Pero había tenido mucha suerte. Todo el mundo lo decía, así que ella había acabado por callar y asentir. Aquel piso de techos altos, casi sin pasillo, con dos habitaciones amplias y sol por la mañana era sin duda el mejor de los que había visitado, y el precio, que en teoría había bajado mucho en los últimos tiempos, era de hecho el máximo que le permitía su sueldo. «Vistas a la Sagrada Familia», rezaba el anuncio, y en sentido estricto no mentía. Verse, se veía desde la ventana con marco de madera que daba paso a un balcón diminuto. Sin embargo, una no podía pasarse el día mirando esas agujas, que asomaban entre los edificios que tenía enfrente, por bonitas que fueran. Lo que el anuncio no decía, ni tampoco le comentó la señora de la inmobiliaria que le enseñó el piso, era que las tuberías tenían cien años y se atascaban; que los azulejos del cuarto de baño, de un estridente color naranja que la mujer definió como «de los alegres años setenta», tendían al salto al vacío por culpa de la humedad, y que los radiadores de la calefacción eran más bien un adorno futurista y daban el mismo calor que un jarrón chino. Al parecer, había que consolarse de la humedad, el frío y el charco del lavabo, que a ratos burbujeaba como si un alien fuera a salir del desagüe, saliendo al balcón y admirando la Sagrada Familia. Todo un lujo si eras japonesa.

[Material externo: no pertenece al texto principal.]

(* For $\alpha_1,\alpha_2\in\mathbb C$ let $K_1(\alpha_1,\alpha_2)$ be the complex Leibniz algebra with basis $\{l,p_+,p_-,X_1,X_2,X_3\}$ whose only nonzero products are $[l,p_+]=p_+$, $[p_+,l]=-p_+$, $[l,p_-]=-p_-$, $[p_-,l]=p_-$, $[l,l]=\alpha_1X_1$, $[p_+,p_-]=\alpha_2X_1$, $[p_-,p_+]=-\alpha_2X_1$, $[X_1,p_+]=X_2$, $[X_1,p_-]=-X_3$, $[X_2,l]=-X_2$, $[X_3,l]=X_3$. Then every algebra $K_1(\alpha_1,\alpha_2)$ is isomorphic to one of $K_1(1,1)$, $K_1(1,0)$, $K_1(0,1)$, $K_1(0,0)$, and these four algebras are pairwise non-isomorphic.
   Context: A (right) Leibniz algebra is a vector space with a bilinear bracket satisfying $[[x,y],z]=[[x,z],y]+[x,[y,z]]$. *)

theory Defs
  imports Complex_Main
begin

datatype basis = L | Pp | Pm | X1 | X2 | X3

lemma UNIV_basis: "(UNIV :: basis set) = {L, Pp, Pm, X1, X2, X3}"
  by (auto intro: basis.exhaust)

instance basis :: finite
  by standard (simp add: UNIV_basis)

type_synonym vec = "basis \<Rightarrow> complex"

definition ev :: "basis \<Rightarrow> vec" where
  "ev b = (\<lambda>i. if i = b then 1 else 0)"

fun K1_table :: "complex \<Rightarrow> complex \<Rightarrow> basis \<Rightarrow> basis \<Rightarrow> vec" where
  "K1_table a1 a2 L Pp = ev Pp"
| "K1_table a1 a2 Pp L = (\<lambda>i. - ev Pp i)"
| "K1_table a1 a2 L Pm = (\<lambda>i. - ev Pm i)"
| "K1_table a1 a2 Pm L = ev Pm"
| "K1_table a1 a2 L L = (\<lambda>i. a1 * ev X1 i)"
| "K1_table a1 a2 Pp Pm = (\<lambda>i. a2 * ev X1 i)"
| "K1_table a1 a2 Pm Pp = (\<lambda>i. - a2 * ev X1 i)"
| "K1_table a1 a2 X1 Pp = ev X2"
| "K1_table a1 a2 X1 Pm = (\<lambda>i. - ev X3 i)"
| "K1_table a1 a2 X2 L = (\<lambda>i. - ev X2 i)"
| "K1_table a1 a2 X3 L = ev X3"
| "K1_table a1 a2 _ _ = (\<lambda>i. 0)"

definition K1 :: "complex \<Rightarrow> complex \<Rightarrow> vec \<Rightarrow> vec \<Rightarrow> vec" where
  "K1 a1 a2 u v = (\<lambda>k. \<Sum>i\<in>UNIV. \<Sum>j\<in>UNIV. u i * v j * K1_table a1 a2 i j k)"

definition lin_map :: "(basis \<Rightarrow> basis \<Rightarrow> complex) \<Rightarrow> vec \<Rightarrow> vec" where
  "lin_map M u = (\<lambda>i. \<Sum>j\<in>UNIV. M i j * u j)"

definition alg_iso :: "(vec \<Rightarrow> vec \<Rightarrow> vec) \<Rightarrow> (vec \<Rightarrow> vec \<Rightarrow> vec) \<Rightarrow> bool" where
  "alg_iso B1 B2 \<longleftrightarrow> (\<exists>M. bij (lin_map M) \<and>
      (\<forall>u v. lin_map M (B1 u v) = B2 (lin_map M u) (lin_map M v)))"

end

theory Submission
  imports Defs
begin

text \<open>Rescaling p_+ by s and X_1, X_2, X_3 by c, c s, c turns K_1(a_1,a_2) into
  K_1(c a_1, c a_2 / s); choosing c and s normalises each nonzero parameter to 1.
  The four normal forms are distinguished by two bracket identities, preserved under
  isomorphism: [[x,x],[y,z]] = 0 holds iff a_1 = 0, and [[[x,y],[z,w]],[p,q]] = 0
  holds iff a_2 = 0.\<close>

lemma sum_UNIV_basis: "(\<Sum>i\<in>UNIV. f i) = f L + f Pp + f Pm + f X1 + f X2 + f X3"
  by (simp add: UNIV_basis add.assoc)

lemma K1_apply [simp]:
  "K1 a1 a2 u v L = 0"
  "K1 a1 a2 u v Pp = u L * v Pp - u Pp * v L"
  "K1 a1 a2 u v Pm = u Pm * v L - u L * v Pm"
  "K1 a1 a2 u v X1 = a1 * u L * v L + a2 * (u Pp * v Pm - u Pm * v Pp)"
  "K1 a1 a2 u v X2 = u X1 * v Pp - u X2 * v L"
  "K1 a1 a2 u v X3 = u X3 * v L - u X1 * v Pm"
  by (simp_all add: K1_def sum_UNIV_basis ev_def algebra_simps)

lemma alg_iso_diagonal:
  assumes nonzero: "\<And>i. d i \<noteq> 0"
    and hom: "\<And>u v. (\<lambda>k. d k * B1 u v k) = B2 (\<lambda>i. d i * u i) (\<lambda>i. d i * v i)"
  shows "alg_iso B1 B2"
proof -
  define M where "M = (\<lambda>i j. if i = j then d i else 0)"
  have lin_map_M: "lin_map M = (\<lambda>u i. d i * u i)"
  proof (intro ext)
    fix u i
    show "lin_map M u i = d i * u i"
      by (cases i) (simp_all add: lin_map_def M_def sum_UNIV_basis)
  qed
  have "bij (\<lambda>u i. d i * u i)"
  proof (rule bijI)
    show "inj (\<lambda>u i. d i * u i)"
      by (rule injI) (simp add: fun_eq_iff nonzero)
    show "surj (\<lambda>u i. d i * u i)"
    proof (rule surjI)
      fix u :: vec
      show "(\<lambda>i. d i * (u i / d i)) = u" by (simp add: nonzero)
    qed
  qed
  then show ?thesis
    unfolding alg_iso_def by (intro exI[of _ M]) (simp add: lin_map_M hom)
qed

lemma K1_rescale:
  assumes "c \<noteq> 0" "s \<noteq> 0"
  shows "alg_iso (K1 a1 a2) (K1 (c * a1) (c * a2 / s))"
proof (rule alg_iso_diagonal)
  define d where "d = (\<lambda>i. case i of L \<Rightarrow> 1 | Pp \<Rightarrow> s | Pm \<Rightarrow> 1 | X1 \<Rightarrow> c | X2 \<Rightarrow> c * s | X3 \<Rightarrow> c)"
  show "\<And>i. d i \<noteq> 0" using assms by (simp add: d_def split: basis.split)
  show "(\<lambda>k. d k * K1 a1 a2 u v k)
      = K1 (c * a1) (c * a2 / s) (\<lambda>i. d i * u i) (\<lambda>i. d i * v i)" for u v
  proof
    fix k
    show "d k * K1 a1 a2 u v k = K1 (c * a1) (c * a2 / s) (\<lambda>i. d i * u i) (\<lambda>i. d i * v i) k"
      using assms by (cases k) (simp_all add: d_def field_simps)
  qed
qed

lemma K1_normal_form:
  "alg_iso (K1 a1 a2) (K1 (if a1 = 0 then 0 else 1) (if a2 = 0 then 0 else 1))"
proof -
  define c where "c = (if a1 = 0 then 1 else 1 / a1)"
  define s where "s = (if a2 = 0 then 1 else c * a2)"
  have "c \<noteq> 0" "s \<noteq> 0" by (simp_all add: c_def s_def)
  moreover have "c * a1 = (if a1 = 0 then 0 else 1)" "c * a2 / s = (if a2 = 0 then 0 else 1)"
    using \<open>c \<noteq> 0\<close> by (simp_all add: c_def s_def)
  ultimately show ?thesis using K1_rescale by metis
qed

definition bracket_embedding :: "(vec \<Rightarrow> vec) \<Rightarrow> (vec \<Rightarrow> vec \<Rightarrow> vec) \<Rightarrow> (vec \<Rightarrow> vec \<Rightarrow> vec) \<Rightarrow> bool"
  where "bracket_embedding f B1 B2 \<longleftrightarrow>
    inj f \<and> f (\<lambda>_. 0) = (\<lambda>_. 0) \<and> (\<forall>u v. f (B1 u v) = B2 (f u) (f v))"

lemma alg_iso_bracket_embeddings:
  assumes "alg_iso B1 B2"
  shows "\<exists>f. bracket_embedding f B1 B2" "\<exists>g. bracket_embedding g B2 B1"
proof -
  obtain M where bij: "bij (lin_map M)"
    and hom: "\<And>u v. lin_map M (B1 u v) = B2 (lin_map M u) (lin_map M v)"
    using assms unfolding alg_iso_def by blast
  have zero: "lin_map M (\<lambda>_. 0) = (\<lambda>_. 0)" by (simp add: lin_map_def)
  then show "\<exists>f. bracket_embedding f B1 B2"
    using bij hom bij_is_inj unfolding bracket_embedding_def by blast
  let ?g = "inv (lin_map M)"
  have "?g (B2 x y) = B1 (?g x) (?g y)" for x y
    using bij hom by (metis bij_inv_eq_iff)
  moreover have "?g (\<lambda>_. 0) = (\<lambda>_. 0)" using bij zero by (metis bij_inv_eq_iff)
  ultimately show "\<exists>g. bracket_embedding g B2 B1"
    using bij bij_imp_bij_inv bij_is_inj unfolding bracket_embedding_def by blast
qed

text \<open>Squares span the Leibniz kernel; this says it annihilates the derived algebra
  from the left.\<close>
definition squares_annihilate_derived :: "(vec \<Rightarrow> vec \<Rightarrow> vec) \<Rightarrow> bool" where
  "squares_annihilate_derived B \<longleftrightarrow> (\<forall>x y z. B (B x x) (B y z) = (\<lambda>_. 0))"

definition derived_two_step_nilpotent :: "(vec \<Rightarrow> vec \<Rightarrow> vec) \<Rightarrow> bool" where
  "derived_two_step_nilpotent B \<longleftrightarrow>
    (\<forall>x y z w p q. B (B (B x y) (B z w)) (B p q) = (\<lambda>_. 0))"

lemma squares_annihilate_derived_embedding:
  assumes f: "bracket_embedding f B1 B2" and "squares_annihilate_derived B2"
  shows "squares_annihilate_derived B1"
  unfolding squares_annihilate_derived_def
proof (intro allI)
  fix x y z
  have "f (B1 (B1 x x) (B1 y z)) = B2 (B2 (f x) (f x)) (B2 (f y) (f z))"
    using f by (simp add: bracket_embedding_def)
  also have "\<dots> = f (\<lambda>_. 0)"
    using assms unfolding bracket_embedding_def squares_annihilate_derived_def by simp
  finally show "B1 (B1 x x) (B1 y z) = (\<lambda>_. 0)"
    using f unfolding bracket_embedding_def by (metis injD)
qed

lemma derived_two_step_nilpotent_embedding:
  assumes f: "bracket_embedding f B1 B2" and "derived_two_step_nilpotent B2"
  shows "derived_two_step_nilpotent B1"
  unfolding derived_two_step_nilpotent_def
proof (intro allI)
  fix x y z w p q
  have "f (B1 (B1 (B1 x y) (B1 z w)) (B1 p q))
      = B2 (B2 (B2 (f x) (f y)) (B2 (f z) (f w))) (B2 (f p) (f q))"
    using f by (simp add: bracket_embedding_def)
  also have "\<dots> = f (\<lambda>_. 0)"
    using assms unfolding bracket_embedding_def derived_two_step_nilpotent_def by simp
  finally show "B1 (B1 (B1 x y) (B1 z w)) (B1 p q) = (\<lambda>_. 0)"
    using f unfolding bracket_embedding_def by (metis injD)
qed

lemma squares_annihilate_derived_K1_iff:
  "squares_annihilate_derived (K1 a1 a2) \<longleftrightarrow> a1 = 0"
proof
  assume "squares_annihilate_derived (K1 a1 a2)"
  then have "K1 a1 a2 (K1 a1 a2 (ev L) (ev L)) (K1 a1 a2 (ev L) (ev Pp)) X2 = 0"
    unfolding squares_annihilate_derived_def by simp
  then show "a1 = 0" by (simp add: ev_def)
next
  assume "a1 = 0"
  show "squares_annihilate_derived (K1 a1 a2)"
    unfolding squares_annihilate_derived_def
  proof (intro allI ext)
    fix x y z k
    show "K1 a1 a2 (K1 a1 a2 x x) (K1 a1 a2 y z) k = 0"
      using \<open>a1 = 0\<close> by (cases k) simp_all
  qed
qed

lemma derived_two_step_nilpotent_K1_iff:
  "derived_two_step_nilpotent (K1 a1 a2) \<longleftrightarrow> a2 = 0"
proof
  assume "derived_two_step_nilpotent (K1 a1 a2)"
  then have "K1 a1 a2 (K1 a1 a2 (K1 a1 a2 (ev L) (ev Pp)) (K1 a1 a2 (ev L) (ev Pm)))
      (K1 a1 a2 (ev L) (ev Pp)) X2 = 0"
    unfolding derived_two_step_nilpotent_def by simp
  then show "a2 = 0" by (simp add: ev_def)
next
  assume "a2 = 0"
  show "derived_two_step_nilpotent (K1 a1 a2)"
    unfolding derived_two_step_nilpotent_def
  proof (intro allI ext)
    fix x y z w p q k
    show "K1 a1 a2 (K1 a1 a2 (K1 a1 a2 x y) (K1 a1 a2 z w)) (K1 a1 a2 p q) k = 0"
      using \<open>a2 = 0\<close> by (cases k) simp_all
  qed
qed

lemma K1_alg_iso_parameters_vanish_simultaneously:
  assumes "alg_iso (K1 a1 a2) (K1 b1 b2)"
  shows "a1 = 0 \<longleftrightarrow> b1 = 0" "a2 = 0 \<longleftrightarrow> b2 = 0"
  using alg_iso_bracket_embeddings[OF assms]
    squares_annihilate_derived_embedding derived_two_step_nilpotent_embedding
  by (metis squares_annihilate_derived_K1_iff derived_two_step_nilpotent_K1_iff)+

theorem mainTheorem3:
  shows "(\<forall>a1 a2. alg_iso (K1 a1 a2) (K1 1 1) \<or> alg_iso (K1 a1 a2) (K1 1 0) \<or>
                   alg_iso (K1 a1 a2) (K1 0 1) \<or> alg_iso (K1 a1 a2) (K1 0 0))
       \<and> (\<forall>p\<in>{(1,1),(1,0),(0,1),(0,0)}. \<forall>q\<in>{(1,1),(1,0),(0,1),(0,0)}.
            p \<noteq> q \<longrightarrow> \<not> alg_iso (K1 (fst p) (snd p)) (K1 (fst q) (snd q)))"
proof
  show "\<forall>a1 a2. alg_iso (K1 a1 a2) (K1 1 1) \<or> alg_iso (K1 a1 a2) (K1 1 0) \<or>
                   alg_iso (K1 a1 a2) (K1 0 1) \<or> alg_iso (K1 a1 a2) (K1 0 0)"
    using K1_normal_form by (metis (full_types))
  show "\<forall>p\<in>{(1,1),(1,0),(0,1),(0,0)}. \<forall>q\<in>{(1,1),(1,0),(0,1),(0,0)}.
            p \<noteq> q \<longrightarrow> \<not> alg_iso (K1 (fst p) (snd p)) (K1 (fst q) (snd q))"
    using K1_alg_iso_parameters_vanish_simultaneously by fastforce
qed

end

De todos modos, lo que la hacía sentirse extraña en ese piso no eran sus defectos, ni por supuesto sus vistas, sino que, por primera vez en años, no parecía ser suyo del todo. Una de las dos habitaciones tenía una cuna, un armario de haya y una cenefa de patos amarillos que recorría sus cuatro paredes, dividiendo los dos tonos de verde que su amiga María había elegido como el color ideal para el cuarto del bebé. Y no sólo eso: en una parte de su armario, ese que siempre había sido únicamente para ella, se habían colado unas cuantas prendas masculinas casi sin avisar.
Abrumada, Leire Castro fue hasta el balcón, contenta de poder recorrer el piso sin encontrarse cajas de por medio. Eso sí que era un cambio. «El primero de los que vendrán, ¿verdad?», dijo dirigiéndose al niño que en esos instantes se alimentaba de ella. A veces le respondía con movimientos bruscos. Otras parecía no darse por aludido. Intentó imaginar los rasgos de aquel bebé, Abel, que flotaba en su interior, pero sólo conseguía ponerle una carita arrugada, como de gnomo dormido. ¿Se parecería a ella o a Tomás? Bueno, si se parecía a él tampoco estaría nada mal, pensó con una sonrisa. «Aunque mejor que las semejanzas se reduzcan a lo físico, ¿eh, chaval? O si no, tú y yo vamos a tener problemas…».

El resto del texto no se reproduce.